Alcune dei romances rinvenuti sembrano far parte di componimenti più lunghi e sono state accorciati dai
menestrelli per evitare di annoiare il proprio pubblico con ripetizioni di fatti già noti. Da questo si deduce
che il loro compito nel tempo passò dalla semplice informazione all'intrattenimento vero e proprio. I loro
testi si chiamano romances e sono dei componimenti poetici in versi ottonari (composti cioè da otto
sillabe). I versi pari rimano tra loro mentre i dispari sono “sciolti”. Il tema di questi componimenti è spesso
amoroso o cavalleresco.
Il Romancero
I Romances sono componimenti poetici di vario tema e lunghezza, accomunati dalla presenza dei versi
ottonari e la rima assonante dei versi pari. Il romance ha una stretta relazione con il poema epico, che ha
invece sedici sillabe e versi monorima composti da due emistichi. Il romance ha praticamente diviso in due
il verso del poema epico ed ha creato due versi distinti ed è per questo motivo che solo i versi pari sono in
rima.
Possiamo considerare i menestrelli ed i giullari come i creatori dei romances. Andavano infatti di castello in
castello a narrare imprese eroiche e storie d'amore. La letteratura fino al XVII secolo veniva solo
tramandata in forma orale e declamata in pubblico. Solo dopo il XVII secolo iniziarono a circolare i primi
testi letterari, grazie all'invenzione della stampa. Miguel de Cervantes scrive nel suo celebre romanzo che
don Chisciotte divenne pazzo proprio a causa della lettura: "del mucho leer y del poco dormir se le secó el
cerebro". (Lett: A causa del leggere molto e del dormire poco gli si prosciugò il cervello)
I romances non erano frutto della creazione di un singolo autore, ma di tutto il popolo che li recitava
alterandone spesso la storia. Ciò avvenne fino al XVI secolo, momento in cui, alcuni autori colti, decisero di
riunire questi componimenti in dei canzonieri. Questi romances, di cui non si conosce l'autore, o meglio, il
cui autore è il popolo stesso, sono detti Romancero Viejo. A partire dal XVII secolo gli autori colti si
interessarono alla poesia popolare e iniziarono a scrivere seguendo questi modelli. Danno quindi vita al
Romancero nuevo. Fanno parte del Romancero nuevo anche componimenti di autori del XX secolo come
Lorca o Alberti che hanno scritto alcune delle loro opere seguendo questo stile.
Questi componimenti affrontavano temi di grande interesse per il popolo. I romance a tema storico o epico
davano notizie sulle differenti battaglie contro gli arabi, esaltando gli eroi fino a farli diventare dei veri e
proprio miti. Questo aiutava anche il reclutamento di nuovi volontari per l'esercito della Reconquista. I
romance a tema amoroso invece, intrattenevano il pubblico per ore narrando le vicende di amori
impossibili. Sempre in questa epoca circolavano i romances del Ciclo Bretone e del Ciclo Carolingio.

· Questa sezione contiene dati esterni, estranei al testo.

(* Let $k>1$, $F=F(a_1,\dots,a_k)$, let $0<\lambda<1/3$ and let $\tau$ be a nontrivial relabeling automorphism of $F$. Let $S'(\lambda,\tau)$ be the set of all cyclically reduced words $x$ such that $x$ and some cyclic permutation of $\tau(x^{-1})$ have a common initial segment of length $\ge\lambda|x|$. Then $S'(\lambda,\tau)$ is exponentially $CR$-negligible.
   Context: $A_{2k}=\{a_1^{\pm1},\dots,a_k^{\pm1}\}$; $F$ is identified with the set of freely reduced words over $A_{2k}$, and $CR\subseteq F$ is the set of cyclically reduced words. An automorphism $\tau$ of $F$ is a relabeling automorphism if its restriction to $A_{2k}$ is a permutation of $A_{2k}$. For $S\subseteq F$, $\rho(n,S)$ is the number of $x\in S$ with $|x|\le n$. For $S\subseteq Q\subseteq F$, $S$ is exponentially $Q$-generic if there are $C>0$ and $0<\sigma<1$ with $|\rho(n,S)/\rho(n,Q)-1|\le C\sigma^n$ for all $n$; $S$ is exponentially $Q$-negligible if $Q\setminus S$ is exponentially $Q$-generic. *)

theory Defs
  imports Complex_Main
begin

text \<open>Alphabet A_{2k}: the letter a_i is encoded as the integer i, and a_i^{-1} as -i
  (1 \<le> i \<le> k). Formal inversion of a letter is integer negation.\<close>

definition alph :: "nat \<Rightarrow> int set" where
  "alph k = {i. i \<noteq> 0 \<and> \<bar>i\<bar> \<le> int k}"

definition freely_reduced :: "int list \<Rightarrow> bool" where
  "freely_reduced w \<longleftrightarrow> (\<forall>i. Suc i < length w \<longrightarrow> w ! Suc i \<noteq> - (w ! i))"
(* Let $G$ be a second countable locally compact group and $\Omega\subseteq G\times G$ a set invariant under all maps $(s,t)\mapsto(sr,tr)$, $r\in G$. Then $\Omega$ is marginally equivalent to an $\omega$-closed set if and only if it is marginally equivalent to a topologically closed set.
   Context: $G$ carries left Haar measure. A set $\Omega\subseteq G\times G$ is marginally null if $\Omega\subseteq(X\times G)\cup(G\times X)$ for some Haar-null $X\subseteq G$; two sets are marginally equivalent if their symmetric difference is marginally null. A set is $\omega$-open if it is marginally equivalent to a countable union of Borel rectangles $A\times B$, and $\omega$-closed if its complement is $\omega$-open. *)

theory Defs
  imports "HOL-Analysis.Analysis"
begin

text \<open>The group G is a type of class group_add (written additively; NOT assumed
commutative), carrying a Hausdorff second countable topology.\<close>

definition topological_group :: "'a::{group_add,topological_space} itself \<Rightarrow> bool" where
  "topological_group _ \<longleftrightarrow>
     continuous_on UNIV (\<lambda>p::'a \<times> 'a. fst p + snd p) \<and> continuous_on UNIV (uminus :: 'a \<Rightarrow> 'a)"

definition locally_compact_group :: "'a::{group_add,topological_space} itself \<Rightarrow> bool" where
  "locally_compact_group T \<longleftrightarrow> topological_group T \<and>
     (\<forall>x::'a. \<exists>U K. open U \<and> compact K \<and> x \<in> U \<and> U \<subseteq> K)"

definition left_haar_measure :: "'a::{group_add,topological_space} measure \<Rightarrow> bool" where
  "left_haar_measure \<mu> \<longleftrightarrow> sets \<mu> = sets borel \<and>
     (\<forall>g A. A \<in> sets borel \<longrightarrow> emeasure \<mu> ((\<lambda>x. g + x) ` A) = emeasure \<mu> A) \<and>
     (\<forall>K. compact K \<longrightarrow> emeasure \<mu> K < \<infinity>) \<and>
     (\<forall>U. open U \<and> U \<noteq> {} \<longrightarrow> emeasure \<mu> U > 0)"

definition haar_null :: "'a measure \<Rightarrow> 'a set \<Rightarrow> bool" where
  "haar_null \<mu> X \<longleftrightarrow> (\<exists>N \<in> sets \<mu>. X \<subseteq> N \<and> emeasure \<mu> N = 0)"

definition marginally_null :: "'a measure \<Rightarrow> ('a \<times> 'a) set \<Rightarrow> bool" where
  "marginally_null \<mu> \<Omega> \<longleftrightarrow> (\<exists>X. haar_null \<mu> X \<and> \<Omega> \<subseteq> (X \<times> UNIV) \<union> (UNIV \<times> X))"

definition marg_equiv :: "'a measure \<Rightarrow> ('a \<times> 'a) set \<Rightarrow> ('a \<times> 'a) set \<Rightarrow> bool" where
  "marg_equiv \<mu> \<Omega> \<Omega>' \<longleftrightarrow> marginally_null \<mu> ((\<Omega> - \<Omega>') \<union> (\<Omega>' - \<Omega>))"

definition omega_open :: "'a::topological_space measure \<Rightarrow> ('a \<times> 'a) set \<Rightarrow> bool" where
  "omega_open \<mu> \<Omega> \<longleftrightarrow> (\<exists>A B :: nat \<Rightarrow> 'a set.
     (\<forall>n. A n \<in> sets borel \<and> B n \<in> sets borel) \<and> marg_equiv \<mu> \<Omega> (\<Union>n. A n \<times> B n))"

definition omega_closed :: "'a::topological_space measure \<Rightarrow> ('a \<times> 'a) set \<Rightarrow> bool" where
  "omega_closed \<mu> \<Omega> \<longleftrightarrow> omega_open \<mu> (- \<Omega>)"

end

(*
  An invariant \<Omega> is the preimage of D = {x. (x, 0) \<in> \<Omega>} under (s, t) \<mapsto> s - t. If \<Omega> is
  marginally equivalent to an \<omega>-closed set, then off a Haar-null set N the pairs (x + b, b) with
  x \<notin> D are exactly those lying in countably many Borel rectangles A n \<times> B n. For x \<notin> D some
  slice A n \<inter> (x + B n) therefore has positive measure; by Steinhaus' theorem it meets its
  translate by every y in a neighbourhood W of 0, and a common point outside N and its
  translates shows y + x \<notin> D. Hence D and \<Omega> are closed. Conversely, the complement of a closed
  set is a countable union of basic open rectangles.

  Steinhaus' theorem rests on inner and outer approximation of Haar measure on compact sets,
  obtained from closed/open regularity of finite Borel measures on spaces whose open sets are
  countable unions of closed (here: compact) sets.
*)

theory Submission
  imports Defs
begin

lemma (in finite_measure) measure_UN_diff_initial_segment_less:
  fixes F :: "nat \<Rightarrow> 'a set"
  assumes F: "range F \<subseteq> sets M" and e: "e > 0"
  obtains k where "measure M ((\<Union>n. F n) - (\<Union>i\<le>k. F i)) < e"
proof -
  have "(\<Union>k. \<Union>i\<le>k. F i) = (\<Union>n. F n)" by auto
  moreover have "(\<lambda>k. measure M (\<Union>i\<le>k. F i)) \<longlonglongrightarrow> measure M (\<Union>k. \<Union>i\<le>k. F i)"
    using F by (intro finite_Lim_measure_incseq) (auto simp: incseq_def intro: order_trans)
  ultimately have "\<forall>\<^sub>F k in sequentially. measure M (\<Union>n. F n) - e < measure M (\<Union>i\<le>k. F i)"
    using e by (intro order_tendstoD) auto
  then obtain k where k: "measure M (\<Union>n. F n) - e < measure M (\<Union>i\<le>k. F i)"
    by (auto simp: eventually_sequentially)
  have "measure M ((\<Union>n. F n) - (\<Union>i\<le>k. F i)) = measure M (\<Union>n. F n) - measure M (\<Union>i\<le>k. F i)"
    using F by (intro finite_measure_Diff) auto
  with k show thesis by (intro that[of k]) linarith
qed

Il primo
narrava le storie di re Artù e dei suoi cavalieri; il secondo le imprese della corte di Carlo Magno,
considerata dai regnanti spagnoli come un modello da seguire.

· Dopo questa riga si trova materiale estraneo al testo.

lemma psi_cyclic_order_Pstar:
  assumes "prime p" "odd p"
  shows "3 * (p + 1) * psi (cyclic_grp (order (Pstar p n (Suc k))))
    = (p * p ^ n * p ^ n + 1) * (4 * 2 ^ (2 * k + 1) + 1)"
proof -
  have "coprime (p ^ n) (2 ^ Suc k)"
    using assms by (simp add: prime_imp_coprime)
  then have "psi (cyclic_grp (order (Pstar p n (Suc k))))
      = psi (cyclic_grp (p ^ n)) * psi (cyclic_grp (2 ^ Suc k))"
    using prime_gt_0_nat [OF assms(1)] by (simp add: order_Pstar psi_cyclic_grp_mult)
  moreover have "(p + 1) * psi (cyclic_grp (p ^ n)) = p * p ^ n * p ^ n + 1"
    using psi_cyclic_grp_prime_power [OF assms(1), of n] by (simp add: power_add mult_2)
  moreover have "3 * psi (cyclic_grp (2 ^ Suc k)) = 4 * 2 ^ (2 * k + 1) + 1"
    using psi_cyclic_grp_prime_power [OF two_is_prime_nat, of "Suc k"] by (simp add: power_add)
  ultimately show ?thesis
    by (metis mult.assoc mult.left_commute)
qed

lemma psi_Pstar_closed_form:
  assumes "prime p" "odd p"
  shows "3 * psi (Pstar p n (Suc k))
    = 3 * p ^ n * 2 ^ (2 * k + 1) + (1 + (p ^ n - 1) * p) * (2 ^ (2 * k + 1) + 1)"
proof -
  have "3 * psi (Pstar p n (Suc k))
      = 3 * (2 ^ k * 2 ^ Suc k) * p ^ n + (1 + (p ^ n - 1) * p) * (3 * psi (cyclic_grp (2 ^ k)))"
    by (simp add: psi_Pstar [OF assms] distrib_left mult_ac)
  moreover have "2 ^ k * 2 ^ Suc k = (2::nat) ^ (2 * k + 1)"
    by (simp add: power_add [symmetric])
  moreover have "3 * psi (cyclic_grp (2 ^ k)) = 2 ^ (2 * k + 1) + 1"
    using psi_cyclic_grp_prime_power [OF two_is_prime_nat, of k] by simp
  ultimately show ?thesis by (simp add: mult_ac)
qed

lemma threshold_inequality_fails:
  fixes p P X :: nat
  assumes "X \<ge> 2"
    and "p = 3 \<and> P \<ge> 9 \<or> p = 5 \<and> P \<ge> 25 \<or> p = 5 \<and> P = 5 \<and> X \<ge> 32 \<or> p \<ge> 7 \<and> P \<ge> p"
  shows "43 * ((p + 1) * (3 * P * X + (1 + (P - 1) * p) * (X + 1)))
    \<le> 19 * ((p * P * P + 1) * (4 * X + 1))"
proof -
  txt \<open>After shifting every variable to its lower bound, all coefficients of the difference
    are nonnegative, so each case is closed by normalisation.\<close>
  obtain c where X: "X = 2 + c" using assms(1) le_Suc_ex by blast
  from assms(2) show ?thesis
  proof (elim disjE conjE)
    assume "p = 3" "P \<ge> 9"
    then obtain b where "P = 9 + b" using le_Suc_ex by blast
    then show ?thesis using \<open>p = 3\<close> X by (simp add: algebra_simps)
  next
    assume "p = 5" "P \<ge> 25"
    then obtain b where "P = 25 + b" using le_Suc_ex by blast
    then show ?thesis using \<open>p = 5\<close> X by (simp add: algebra_simps)
  next
    assume "p = 5" "P = 5" "X \<ge> 32"
    then obtain d where "X = 32 + d" using le_Suc_ex by blast
    then show ?thesis using \<open>p = 5\<close> \<open>P = 5\<close> by (simp add: algebra_simps)
  next
    assume "p \<ge> 7" "P \<ge> p"
    then obtain a b where "p = 7 + a" "P = 7 + a + b" using le_Suc_ex by (metis add.assoc)
    then show ?thesis using X by (simp add: algebra_simps)
  qed
qed

lemma threshold_inequality_iff:
  fixes p n k P X :: nat
  assumes p: "prime p" "odd p" and n: "n \<ge> 1" and P: "P = p ^ n" and X: "X = 2 ^ (2 * k + 1)"
  shows "19 * ((p * P * P + 1) * (4 * X + 1))
      < 43 * ((p + 1) * (3 * P * X + (1 + (P - 1) * p) * (X + 1)))
    \<longleftrightarrow> p = 3 \<and> n = 1 \<or> p = 5 \<and> n = 1 \<and> k \<le> 1"
    (is "?ineq \<longleftrightarrow> ?cases")
proof
  assume ?cases
  moreover have "k \<le> 1 \<Longrightarrow> X \<le> 8"
    unfolding X using power_increasing [of "2 * k + 1" 3 "2::nat"] by simp
  ultimately show ?ineq
    using P by auto
next
  assume ?ineq
  have "X \<ge> 2"
    unfolding X using power_increasing [of 1 "2 * k + 1" "2::nat"] by simp
  moreover have "p = 3 \<and> P \<ge> 9 \<or> p = 5 \<and> P \<ge> 25 \<or> p = 5 \<and> P = 5 \<and> X \<ge> 32 \<or> p \<ge> 7 \<and> P \<ge> p"
    if "\<not> ?cases"
  proof -
    have "p \<ge> 3" "p \<noteq> 4" "p \<noteq> 6"
      using p prime_ge_2_nat [OF p(1)] by (auto intro: Suc_leI simp: le_less)
    then have "p = 3 \<or> p = 5 \<or> p \<ge> 7" by linarith
    moreover have "P \<ge> p"
      using P n \<open>p \<ge> 3\<close> by (simp add: self_le_power)
    moreover have "n = 1 \<or> P \<ge> p ^ 2"
      using P n \<open>p \<ge> 3\<close> by (cases "n = 1") (simp_all add: power_increasing)
    moreover have "k \<ge> 2 \<Longrightarrow> X \<ge> 32"
      unfolding X using power_increasing [of 5 "2 * k + 1" "2::nat"] by simp
    ultimately show ?thesis
      using that n P by auto
  qed
  ultimately show ?cases
    using threshold_inequality_fails [of X p P] \<open>?ineq\<close> by linarith
qed

theorem corollary3p10:
  fixes p n k :: nat
  assumes "prime p" and "odd p" and "n \<ge> 1" and "k \<ge> 1"
  shows "psi' (Pstar p n k) > 19 / 43 \<longleftrightarrow>
           ((p = 3 \<and> n = 1 \<and> k \<ge> 1) \<or> (p = 5 \<and> n = 1 \<and> k \<le> 2))"
proof -
  obtain k' where k: "k = Suc k'" using assms(4) by (cases k) auto
  define P where "P = p ^ n"
  define X where "X = (2::nat) ^ (2 * k' + 1)"
  let ?G = "psi (Pstar p n k)" and ?C = "psi (cyclic_grp (order (Pstar p n k)))"
  have C: "3 * (p + 1) * ?C = (p * P * P + 1) * (4 * X + 1)"
    unfolding k P_def X_def by (rule psi_cyclic_order_Pstar [OF assms(1,2)])
  have G: "3 * ?G = 3 * P * X + (1 + (P - 1) * p) * (X + 1)"
    unfolding k P_def X_def by (rule psi_Pstar_closed_form [OF assms(1,2)])
  have "?C > 0" using C by (intro gr0I) simp
  then have "psi' (Pstar p n k) > 19 / 43 \<longleftrightarrow> 19 * real ?C < 43 * real ?G"
    unfolding psi'_def by (simp add: divide_simps mult.commute)
  also have "\<dots> \<longleftrightarrow> 19 * ?C < 43 * ?G"
    by linarith
  also have "\<dots> \<longleftrightarrow> 3 * (p + 1) * (19 * ?C) < 3 * (p + 1) * (43 * ?G)"
    by simp
  also have "\<dots> \<longleftrightarrow> 19 * ((p * P * P + 1) * (4 * X + 1))
      < 43 * ((p + 1) * (3 * P * X + (1 + (P - 1) * p) * (X + 1)))"
    unfolding C [symmetric] G [symmetric] by (simp only: mult_ac)
  also have "\<dots> \<longleftrightarrow> p = 3 \<and> n = 1 \<or> p = 5 \<and> n = 1 \<and> k' \<le> 1"
    by (rule threshold_inequality_iff [OF assms(1,2,3) P_def X_def])
  finally show ?thesis using k by auto
qed

end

La metrica del romance fu il secondo motivo del suo successo. Il romance è composto da versi ottonari e
l'accento cade sulla penultima sillaba. Il discorso spagnolo è composto da frasi di otto sillabe e parole piane
per cui i versi del romance suonano naturali per chi li ascolta e per questo motivo sono facili da ricordare e
da modificare. Per questo motivo sono giunte versioni diverse di uno stesso romance. Questi
componimenti, dal punto di vista della retorica, sono caratterizzati da pochi enjambment, ma da moltissime
ripetizioni ed epiteti che facilitano la memorizzazione.